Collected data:
(* Let $v,a,b,c\in\mathbb{C}$ with $\Re(v)<4$, $\Re(c)>0$, and $\Re(vc+a+b)>0$, $\Re(vc+a-b)>0$, $\Re(vc-a+b)>0$, $\Re(vc-a-b)>0$. Put $\sigma_3=\frac v2-\frac{a}{2c}-\frac{b}{2c}$, $\sigma_4=\frac v2-\frac{a}{2c}+\frac{b}{2c}$, $\sigma_5=\frac v2+\frac{a}{2c}+\frac{b}{2c}$, $\sigma_6=\frac v2+\frac{a}{2c}-\frac{b}{2c}$, $P=(vc-a-b)(vc+a+b)(vc-a+b)(vc+a-b)$, and assume $\frac v2\notin\mathbb{Z}_0^-$, $1+\sigma_j\notin\mathbb{Z}_0^-$ ($j=3,4,5,6$). Then $$ \int_0^\infty\frac{\sinh(ax)\sinh(bx)}{\cosh^{v}(cx)}\,dx=\frac{2^{v+1}\,v\,a\,b\,c}{P}\;{}_6F_5\!\left(\begin{matrix}v,\ 1+\frac v2,\ \sigma_3,\ \sigma_5,\ \sigma_4,\ \sigma_6\\ \frac v2,\ 1+\sigma_3,\ 1+\sigma_5,\ 1+\sigma_4,\ 1+\sigma_6\end{matrix};\,-1\right). $$
   Context: $\mathbb{Z}_0^-=\{0,-1,-2,\dots\}$. The Pochhammer symbol is $(\lambda)_0=1$, $(\lambda)_n=\lambda(\lambda+1)\cdots(\lambda+n-1)$ for $n\ge1$. The generalized hypergeometric series is ${}_pF_q\!\left(\begin{matrix}\alpha_1,\dots,\alpha_p\\ \beta_1,\dots,\beta_q\end{matrix};z\right)=\sum_{n=0}^\infty\frac{(\alpha_1)_n\cdots(\alpha_p)_n}{(\beta_1)_n\cdots(\beta_q)_n}\frac{z^n}{n!}$ (with no $\beta_j\in\mathbb{Z}_0^-$); when $p=q+1$ and $z=-1$ it converges if $\Re(\sum\beta_j-\sum\alpha_i)>-1$. For $\Re(c)>0$ and $x>0$, the complex power $\cosh^{v}(cx)$ means $2^{-v}e^{vcx}(1+e^{-2cx})^{v}$, with the principal branch of $(1+e^{-2cx})^{v}$ (this agrees with the ordinary real power when $c>0$ and $v$ is real). *)

theory Defs
  imports "HOL-Analysis.Analysis"
begin

definition hypergeom_pFq :: "complex list \<Rightarrow> complex list \<Rightarrow> complex \<Rightarrow> complex" where
  "hypergeom_pFq as bs z =
     (\<Sum>n. (\<Prod>a\<leftarrow>as. pochhammer a n) / (\<Prod>b\<leftarrow>bs. pochhammer b n) * z ^ n / of_nat (fact n))"

definition cosh_pow :: "complex \<Rightarrow> complex \<Rightarrow> complex" where
  "cosh_pow v w = 2 powr (-v) * exp (v * w) * (1 + exp (-2 * w)) powr v"

end

theory Submission
  imports Defs "HOL-Real_Asymp.Real_Asymp" "HOL-Library.Landau_Symbols"
begin

text \<open>
  For \<open>x > 0\<close> one has \<open>cosh(cx)^(-v) = 2^v e^(-vcx) (1 + e^(-2cx))^(-v)\<close>. Expanding the last
  factor as a binomial series and integrating term by term gives \<open>2^v \<Sum>k (-v choose k) L((v + 2k)c)\<close>,
  where \<open>L(u) = 2abu / ((u-a-b)(u+a+b)(u-a+b)(u+a-b))\<close> is the Laplace transform of
  \<open>sinh(ax) sinh(bx)\<close>. The ratio \<open>L((v + 2k)c) / L(vc)\<close> factors into the Pochhammer quotients
  \<open>(1 + v/2)\<^sub>k / (v/2)\<^sub>k\<close> and \<open>(\<sigma>\<^sub>j)\<^sub>k / (1 + \<sigma>\<^sub>j)\<^sub>k\<close>, and \<open>(-v choose k) = (-1)^k (v)\<^sub>k / k!\<close>, so the series
  is \<open>2^v L(vc)\<close> times the very-well-poised \<open>6F5\<close> at \<open>-1\<close>.

  The interchange of sum and integral is the delicate point: \<open>|(-v choose k)| L((v + 2k)c)\<close> decays
  only like \<open>k^(Re v - 4)\<close>, which is not summable when \<open>Re v \<ge> 3\<close>. Multiplying a partial sum of the
  binomial series by \<open>1 + e^(-2cx)\<close> turns it, by Pascal's rule, into a partial sum of the binomial
  series with exponent \<open>1 - v\<close>, whose coefficients are smaller by a factor of order \<open>k\<close>, plus a single
  remainder term whose integral tends to zero; dominated convergence applies to the former.
\<close>

lemma norm_cosh_le: "norm (cosh (w::complex)) \<le> exp \<bar>Re w\<bar>"
proof -
  have "norm (cosh w) = norm (exp w + exp (-w)) / 2"
    by (simp add: cosh_def norm_divide)
  also have "\<dots> \<le> (norm (exp w) + norm (exp (-w))) / 2"
    by (intro divide_right_mono norm_triangle_ineq) auto
  also have "\<dots> = (exp (Re w) + exp (- Re w)) / 2" by simp
  also have "\<dots> \<le> exp \<bar>Re w\<bar>" by (cases "Re w \<ge> 0") auto
  finally show ?thesis .
qed

lemma norm_sinh_le: "norm (sinh (z::complex)) \<le> norm z * exp \<bar>Re z\<bar>"
proof -
  have "norm (sinh z - sinh 0) \<le> exp \<bar>Re z\<bar> * norm (z - 0)"
  proof (rule field_differentiable_bound[of "closed_segment 0 z" sinh cosh])
    fix w assume "w \<in> closed_segment 0 z"
    then obtain u where u: "0 \<le> u" "u \<le> 1" "w = u *\<^sub>R z"
      by (auto simp: closed_segment_def)
    have "\<bar>Re w\<bar> \<le> \<bar>Re z\<bar>" using u by (auto simp: abs_mult intro: mult_left_le_one_le)
    then show "norm (cosh w) \<le> exp \<bar>Re z\<bar>"
      using norm_cosh_le[of w] by (meson exp_le_cancel_iff order_trans)
    show "(sinh has_field_derivative cosh w) (at w within closed_segment 0 z)"
      by (auto intro!: derivative_eq_intros)
  qed auto
  then show ?thesis by (simp add: mult.commute)
qed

Instructions for the task: Of the entries above, transcribe exactly those lines that fall between the line containing "text \<open>" and the line containing "where \<open>L(u) = 2abu", together with those two lines.

Output for this task:
text \<open>
  For \<open>x > 0\<close> one has \<open>cosh(cx)^(-v) = 2^v e^(-vcx) (1 + e^(-2cx))^(-v)\<close>. Expanding the last
  factor as a binomial series and integrating term by term gives \<open>2^v \<Sum>k (-v choose k) L((v + 2k)c)\<close>,
  where \<open>L(u) = 2abu / ((u-a-b)(u+a+b)(u-a+b)(u+a-b))\<close> is the Laplace transform of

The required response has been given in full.